» What is required: Please copy every line of the material exactly.

» Supplied records:
- Opening Delimiter -

definition matvec :: "nat \<Rightarrow> (nat \<Rightarrow> nat \<Rightarrow> real) \<Rightarrow> (nat \<Rightarrow> real) \<Rightarrow> (nat \<Rightarrow> real)" where
  "matvec k A x = (\<lambda>i. \<Sum>j=1..k. A i j * x j)"

definition eigenvalue_mat :: "nat \<Rightarrow> (nat \<Rightarrow> nat \<Rightarrow> real) \<Rightarrow> real \<Rightarrow> bool" where
  "eigenvalue_mat k A \<mu> \<longleftrightarrow>
     (\<exists>x. (\<exists>i\<in>{1..k}. x i \<noteq> 0) \<and> (\<forall>i\<in>{1..k}. matvec k A x i = \<mu> * x i))"

definition min_eigenvalue :: "nat \<Rightarrow> (nat \<Rightarrow> nat \<Rightarrow> real) \<Rightarrow> real" where
  "min_eigenvalue k A = Min {\<mu>. eigenvalue_mat k A \<mu>}"

definition vnorm :: "nat \<Rightarrow> (nat \<Rightarrow> real) \<Rightarrow> real" where
  "vnorm k x = sqrt (\<Sum>i=1..k. (x i)\<^sup>2)"

definition op_norm :: "nat \<Rightarrow> (nat \<Rightarrow> nat \<Rightarrow> real) \<Rightarrow> real" where
  "op_norm k A = Sup {vnorm k (matvec k A x) | x. vnorm k x = 1}"

end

- Closing Delimiter -

» Result for this exercise:
definition matvec :: "nat \<Rightarrow> (nat \<Rightarrow> nat \<Rightarrow> real) \<Rightarrow> (nat \<Rightarrow> real) \<Rightarrow> (nat \<Rightarrow> real)" where
  "matvec k A x = (\<lambda>i. \<Sum>j=1..k. A i j * x j)"

definition eigenvalue_mat :: "nat \<Rightarrow> (nat \<Rightarrow> nat \<Rightarrow> real) \<Rightarrow> real \<Rightarrow> bool" where
  "eigenvalue_mat k A \<mu> \<longleftrightarrow>
     (\<exists>x. (\<exists>i\<in>{1..k}. x i \<noteq> 0) \<and> (\<forall>i\<in>{1..k}. matvec k A x i = \<mu> * x i))"

definition min_eigenvalue :: "nat \<Rightarrow> (nat \<Rightarrow> nat \<Rightarrow> real) \<Rightarrow> real" where
  "min_eigenvalue k A = Min {\<mu>. eigenvalue_mat k A \<mu>}"

definition vnorm :: "nat \<Rightarrow> (nat \<Rightarrow> real) \<Rightarrow> real" where
  "vnorm k x = sqrt (\<Sum>i=1..k. (x i)\<^sup>2)"

definition op_norm :: "nat \<Rightarrow> (nat \<Rightarrow> nat \<Rightarrow> real) \<Rightarrow> real" where
  "op_norm k A = Sup {vnorm k (matvec k A x) | x. vnorm k x = 1}"

end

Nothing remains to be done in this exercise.